§ Supplied data:

(* There is a constant $c$, independent of $n$, such that for all integers $n\ge2$ the operator norm of $\mathcal I_n^*: C(\overline\Omega_H)\to C(\overline\Omega_H)$ with respect to the uniform norm satisfies $$\|\mathcal I_n^*\|_\infty\le c(\log n)^3 .$$
   Context: Let $\mathbb R^4_H=\{\mathbf t\in\mathbb R^4: t_1+t_2+t_3+t_4=0\}$, $\mathbb Z^4_H=\mathbb Z^4\cap\mathbb R^4_H$, $\Omega_H=\{\mathbf t\in\mathbb R^4_H: -1<t_i-t_j\le1,\ 1\le i<j\le4\}$ with closure $\overline\Omega_H$. Let $\mathbb H=\{\mathbf k\in\mathbb Z^4_H: k_1\equiv k_2\equiv k_3\equiv k_4\pmod4\}$, $\phi_{\mathbf k}(\mathbf t)=e^{\frac{\pi i}{2}\mathbf k\cdot\mathbf t}$, $\mathbb H_n^*=\{\mathbf k\in\mathbb H: -4n\le k_i-k_j\le4n,\ 1\le i<j\le4\}$. For $\mathbf k\in\mathbb H_n^*$, $c^{(n)}_{\mathbf k}=1$ if $\max_ik_i-\min_ik_i<4n$, and otherwise $c^{(n)}_{\mathbf k}=1/\binom{p+q}{p}$ where $p$ (resp. $q$) is the number of coordinates equal to $\max_ik_i$ (resp. $\min_ik_i$). Let $\Phi_n^*(\mathbf t)=\frac1{4n^3}\sum_{\mathbf k\in\mathbb H_n^*}c^{(n)}_{\mathbf k}\phi_{\mathbf k}(\mathbf t)$ and, for $f\in C(\overline\Omega_H)$, $\mathcal I_n^*f(\mathbf t)=\sum_{\mathbf j\in\mathbb H_n^*}f(\tfrac{\mathbf j}{4n})\Phi_n^*(\mathbf t-\tfrac{\mathbf j}{4n})$. *)

theory Defs
  imports "HOL-Analysis.Analysis"
begin

definition RH :: "(real^4) set" where
  "RH = {t. (\<Sum>i\<in>UNIV. t $ i) = 0}"

definition OmegaH :: "(real^4) set" where
  "OmegaH = {t \<in> RH. \<forall>i j. i < j \<longrightarrow> -1 < t $ i - t $ j \<and> t $ i - t $ j \<le> 1}"

definition Hlat :: "(int^4) set" where
  "Hlat = {k. (\<Sum>i\<in>UNIV. k $ i) = 0 \<and> (\<forall>i j. k $ i mod 4 = k $ j mod 4)}"

definition Hstar :: "nat \<Rightarrow> (int^4) set" where
  "Hstar n = {k \<in> Hlat. \<forall>i j. i < j \<longrightarrow>
      - 4 * int n \<le> k $ i - k $ j \<and> k $ i - k $ j \<le> 4 * int n}"

definition cstar :: "nat \<Rightarrow> int^4 \<Rightarrow> real" where
  "cstar n k =
    (let M = Max (range (\<lambda>i. k $ i)); m = Min (range (\<lambda>i. k $ i));
         p = card {i. k $ i = M}; q = card {i. k $ i = m}
     in if M - m < 4 * int n then 1 else 1 / real ((p + q) choose p))"

definition phi :: "int^4 \<Rightarrow> real^4 \<Rightarrow> complex" where
  "phi k t = exp (\<i> * of_real (pi / 2 * (\<Sum>i\<in>UNIV. real_of_int (k $ i) * t $ i)))"

definition Phistar :: "nat \<Rightarrow> real^4 \<Rightarrow> complex" where
  "Phistar n t = of_real (1 / (4 * real n ^ 3)) * (\<Sum>k\<in>Hstar n. of_real (cstar n k) * phi k t)"

definition gridpt :: "nat \<Rightarrow> int^4 \<Rightarrow> real^4" where
  "gridpt n j = (\<chi> i. real_of_int (j $ i) / (4 * real n))"

definition Istar :: "nat \<Rightarrow> (real^4 \<Rightarrow> complex) \<Rightarrow> real^4 \<Rightarrow> complex" where
  "Istar n f t = (\<Sum>j\<in>Hstar n. f (gridpt n j) * Phistar n (t - gridpt n j))"

end

theory Submission
  imports Defs
begin

text \<open>
  Every \<open>k \<in> H_n^*\<close> is \<open>4m - (m_1 + \<dots> + m_4)\<close> for a unique \<open>m \<in> {0..n}^4\<close> with a
  zero coordinate. On the hyperplane \<open>\<Sum> t_i = 0\<close> the character \<open>\<phi>_k\<close> then factors as
  \<open>\<Prod>_i e^{2\<pi>i m_i t_i}\<close>, while \<open>c_k^{(n)}\<close> only depends on which coordinates of \<open>m\<close>
  equal \<open>n\<close> and which equal \<open>0\<close>. Grouping by this type writes \<open>4n^3 \<Phi>_n^*\<close> as a bounded
  number of products of one-dimensional exponential sums with weights of modulus at most \<open>1\<close>;
  each factor has modulus \<open>1\<close> or is a Dirichlet kernel, bounded by
  \<open>2n / (1 + n dist(t_i, \<int>))\<close>. In \<open>\<Sum>_j |\<Phi>_n^*(t - j/4n)|\<close> a coordinate where \<open>m\<close> vanishes
  contributes a factor \<open>1\<close>, and as \<open>\<Sum> j_i = 0\<close> the other three coordinates of \<open>j\<close> range
  independently over \<open>{-4n..4n}\<close>. Each of these three sums is \<open>O(n log n)\<close>, which gives
  \<open>O((n log n)^3 / n^3) = O(log^3 n)\<close>.
\<close>

section \<open>The closed domain\<close>

lemma abs_nth_le_of_sum_eq_0:
  fixes t :: "'a::linordered_idom ^ 'n"
  assumes "(\<Sum>i\<in>UNIV. t $ i) = 0" "\<And>j. \<bar>t $ i - t $ j\<bar> \<le> D"
  shows "\<bar>t $ i\<bar> \<le> D"
proof -
  have "of_nat CARD('n) * t $ i = (\<Sum>j\<in>UNIV. t $ i - t $ j)"
    using assms(1) by (simp add: sum_subtractf)
  also have "\<bar>\<dots>\<bar> \<le> of_nat CARD('n) * D"
    using assms(2) by (intro order.trans[OF sum_abs]) (simp add: sum_bounded_above)
  finally have "of_nat CARD('n) * \<bar>t $ i\<bar> \<le> of_nat CARD('n) * D"
    by (simp add: abs_mult)
  then show ?thesis by simp
qed
lemma extreme_differences:
  fixes c d :: config
  assumes fin: "finite {i. c i \<noteq> d i}" and ne: "c \<noteq> d"
  obtains l r where "l \<le> r" "c l \<noteq> d l" "\<forall>i < l. c i = d i" "c r \<noteq> d r" "\<forall>i > r. c i = d i"
proof -
  define D where "D = {i. c i \<noteq> d i}"
  have "finite D" "D \<noteq> {}" using fin ne by (auto simp: D_def)
  then have min: "Min D \<in> D" and max: "Max D \<in> D" and "Min D \<le> Max D"
    and bounds: "\<And>i. i \<in> D \<Longrightarrow> Min D \<le> i \<and> i \<le> Max D"
    by simp_all
  show ?thesis
  proof (rule that[of "Min D" "Max D"])
    show "Min D \<le> Max D" by fact
    show "c (Min D) \<noteq> d (Min D)" "c (Max D) \<noteq> d (Max D)"
      using min max unfolding D_def by simp_all
    have "i \<notin> D" if "i < Min D \<or> i > Max D" for i
      using bounds[of i] that by linarith
    then show "\<forall>i < Min D. c i = d i" "\<forall>i > Max D. c i = d i"
      unfolding D_def by blast+
  qed
qed

lemma SInv_without_walls:
  assumes nowall: "\<forall>t j. \<not> wall ((eca 104 ^^ t) (per u)) j" and S: "SInv 104 u x"
  shows "per_patch u x = per u"
proof (rule ccontr)
  assume "per_patch u x \<noteq> per u"
  then have ne: "per u \<noteq> per_patch u x" by simp
  have "{i. per u i \<noteq> per_patch u x i} \<subseteq> {0..<int (length x)}"
    by (auto simp: per_patch_def)
  then have "finite {i. per u i \<noteq> per_patch u x i}"
    by (rule finite_subset) simp
  then obtain l r where lr: "l \<le> r" and
      left: "per u l \<noteq> per_patch u x l" "\<forall>i < l. per u i = per_patch u x i" and
      right: "per u r \<noteq> per_patch u x r" "\<forall>i > r. per u i = per_patch u x i"
    using ne by (rule extreme_differences)
  from S obtain w :: nat and a where
    window: "{i. (eca 104 ^^ w) (per u) i \<noteq> (eca 104 ^^ w) (per_patch u x) i} \<subseteq> {a..<a + int w}"
    unfolding SInv_def by blast
  have "(eca 104 ^^ w) (per u) (l - int w) \<noteq> (eca 104 ^^ w) (per_patch u x) (l - int w)"
    using spread_left[OF nowall left(2) left(1)] by blast
  then have "l - int w \<in> {a..<a + int w}" using window by blast
  moreover have "(eca 104 ^^ w) (per u) (r + int w) \<noteq> (eca 104 ^^ w) (per_patch u x) (r + int w)"
    using spread_right[OF nowall right(2) right(1)] by blast
  then have "r + int w \<in> {a..<a + int w}" using window by blast
  ultimately show False using lr by simp
qed

definition matches :: "bool list \<Rightarrow> int \<Rightarrow> bool list \<Rightarrow> bool" where
  "matches u s y \<longleftrightarrow> (\<forall>j < length y. y ! j = per u (s + int j))"

lemma per_patch_eq_iff: "per_patch u x = per u \<longleftrightarrow> matches u 0 x"
proof
  assume patch: "per_patch u x = per u"
  show "matches u 0 x"
    unfolding matches_def
  proof (intro allI impI)
    fix j assume "j < length x"
    then have "per_patch u x (int j) = x ! j" by (simp add: per_patch_def)
    then show "x ! j = per u (0 + int j)" using patch by simp
  qed
next
  assume "matches u 0 x"
  then show "per_patch u x = per u"
    by (auto simp: matches_def per_patch_def nat_less_iff)
qed

lemma all_less_add_iff:
  fixes m n :: nat
  shows "(\<forall>j < m + n. P j) \<longleftrightarrow> (\<forall>j < m. P j) \<and> (\<forall>j < n. P (m + j))"
proof
  assume "\<forall>j < m + n. P j"
  then show "(\<forall>j < m. P j) \<and> (\<forall>j < n. P (m + j))" by simp
next
  assume parts: "(\<forall>j < m. P j) \<and> (\<forall>j < n. P (m + j))"
  show "\<forall>j < m + n. P j"
  proof (intro allI impI)
    fix j assume "j < m + n"
    then show "P j" using parts by (cases "j < m") (auto dest: spec[of _ "j - m"])
  qed
qed

lemma matches_append:
  "matches u s (xs @ ys) \<longleftrightarrow> matches u s xs \<and> matches u (s + int (length xs)) ys"
  unfolding matches_def length_append all_less_add_iff by (simp add: nth_append add.assoc)

lemma SInv_104_dichotomy:
  assumes "u \<noteq> []"
  shows "(\<forall>x. SInv 104 u x) \<or> (\<forall>x. SInv 104 u x \<longleftrightarrow> matches u 0 x)"
proof (cases "\<exists>k j. wall ((eca 104 ^^ k) (per u)) j")
  case True
  then show ?thesis using SInv_of_wall[OF assms] by blast
next
  case False
  have "SInv 104 u x" if "per_patch u x = per u" for x
    using that by (intro SInv_if_confined[where l = 0 and r = "-1"]) auto
  then show ?thesis using False SInv_without_walls per_patch_eq_iff by blast
qed

section \<open>Communication complexity\<close>

lemma cc_le_depth:
  assumes "\<forall>x\<in>X. \<forall>y\<in>Y. run_prot P x y = g x y"
  shows "cc X Y g \<le> prot_depth P"
  unfolding cc_def using assms by (intro Least_le) blast

lemma cc_const:
  assumes "\<forall>x\<in>X. \<forall>y\<in>Y. g x y = b"
  shows "cc X Y g = 0"
  using cc_le_depth[of X Y "Leaf b" g] assms by simp

lemma cc_conj:
  assumes "\<forall>x\<in>X. \<forall>y\<in>Y. g x y = (p x \<and> q y)"
  shows "cc X Y g \<le> 2"
proof -
  have "cc X Y g \<le> prot_depth (AliceNode p (BobNode q (Leaf True) (Leaf False)) (Leaf False))"
    using assms by (intro cc_le_depth) simp
  then show ?thesis by simp
qed

lemma cc_word_le:
  assumes "\<And>i. i < m \<Longrightarrow> cc {x. length x = i} {y. length y = m - i} (\<lambda>x y. g (x @ y)) \<le> C"
  shows "cc_word g m \<le> C"
  using assms unfolding cc_word_def by (auto intro!: Max.boundedI)

theorem mainTheorem16:
  shows "\<forall>u::bool list. u \<noteq> [] \<longrightarrow>
           (\<exists>C::nat. \<forall>n::nat. cc_word (SInv 104 u) n \<le> C)"
proof (intro allI impI exI[of _ 2])
  fix u :: "bool list" and n :: nat
  assume u: "u \<noteq> []"
  show "cc_word (SInv 104 u) n \<le> 2"
  proof (rule cc_word_le)
    fix i
    let ?X = "{x. length x = i}" and ?Y = "{y. length y = n - i}"
    from SInv_104_dichotomy[OF u]
    show "cc ?X ?Y (\<lambda>x y. SInv 104 u (x @ y)) \<le> 2"
    proof
      assume "\<forall>x. SInv 104 u x"
      then show ?thesis
        using cc_const[where X = ?X and Y = ?Y and g = "\<lambda>x y. SInv 104 u (x @ y)" and b = True]
        by simp
    next
      assume "\<forall>x. SInv 104 u x \<longleftrightarrow> matches u 0 x"
      then show ?thesis
        by (intro cc_conj[where p = "matches u 0" and q = "matches u (int i)"])
          (simp add: matches_append)
    qed
  qed
qed

end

§ Prompt: From the listing above, repeat exactly the lines starting at the line that includes "- 4 * int n" and ending at the line that includes "n^3) = O(log^3 n)\<close>.", with nothing outside that span.

§ Reply to the task:
      - 4 * int n \<le> k $ i - k $ j \<and> k $ i - k $ j \<le> 4 * int n}"

definition cstar :: "nat \<Rightarrow> int^4 \<Rightarrow> real" where
  "cstar n k =
    (let M = Max (range (\<lambda>i. k $ i)); m = Min (range (\<lambda>i. k $ i));
         p = card {i. k $ i = M}; q = card {i. k $ i = m}
     in if M - m < 4 * int n then 1 else 1 / real ((p + q) choose p))"

definition phi :: "int^4 \<Rightarrow> real^4 \<Rightarrow> complex" where
  "phi k t = exp (\<i> * of_real (pi / 2 * (\<Sum>i\<in>UNIV. real_of_int (k $ i) * t $ i)))"

definition Phistar :: "nat \<Rightarrow> real^4 \<Rightarrow> complex" where
  "Phistar n t = of_real (1 / (4 * real n ^ 3)) * (\<Sum>k\<in>Hstar n. of_real (cstar n k) * phi k t)"

definition gridpt :: "nat \<Rightarrow> int^4 \<Rightarrow> real^4" where
  "gridpt n j = (\<chi> i. real_of_int (j $ i) / (4 * real n))"

definition Istar :: "nat \<Rightarrow> (real^4 \<Rightarrow> complex) \<Rightarrow> real^4 \<Rightarrow> complex" where
  "Istar n f t = (\<Sum>j\<in>Hstar n. f (gridpt n j) * Phistar n (t - gridpt n j))"

end

theory Submission
  imports Defs
begin

text \<open>
  Every \<open>k \<in> H_n^*\<close> is \<open>4m - (m_1 + \<dots> + m_4)\<close> for a unique \<open>m \<in> {0..n}^4\<close> with a
  zero coordinate. On the hyperplane \<open>\<Sum> t_i = 0\<close> the character \<open>\<phi>_k\<close> then factors as
  \<open>\<Prod>_i e^{2\<pi>i m_i t_i}\<close>, while \<open>c_k^{(n)}\<close> only depends on which coordinates of \<open>m\<close>
  equal \<open>n\<close> and which equal \<open>0\<close>. Grouping by this type writes \<open>4n^3 \<Phi>_n^*\<close> as a bounded
  number of products of one-dimensional exponential sums with weights of modulus at most \<open>1\<close>;
  each factor has modulus \<open>1\<close> or is a Dirichlet kernel, bounded by
  \<open>2n / (1 + n dist(t_i, \<int>))\<close>. In \<open>\<Sum>_j |\<Phi>_n^*(t - j/4n)|\<close> a coordinate where \<open>m\<close> vanishes
  contributes a factor \<open>1\<close>, and as \<open>\<Sum> j_i = 0\<close> the other three coordinates of \<open>j\<close> range
  independently over \<open>{-4n..4n}\<close>. Each of these three sums is \<open>O(n log n)\<close>, which gives
  \<open>O((n log n)^3 / n^3) = O(log^3 n)\<close>.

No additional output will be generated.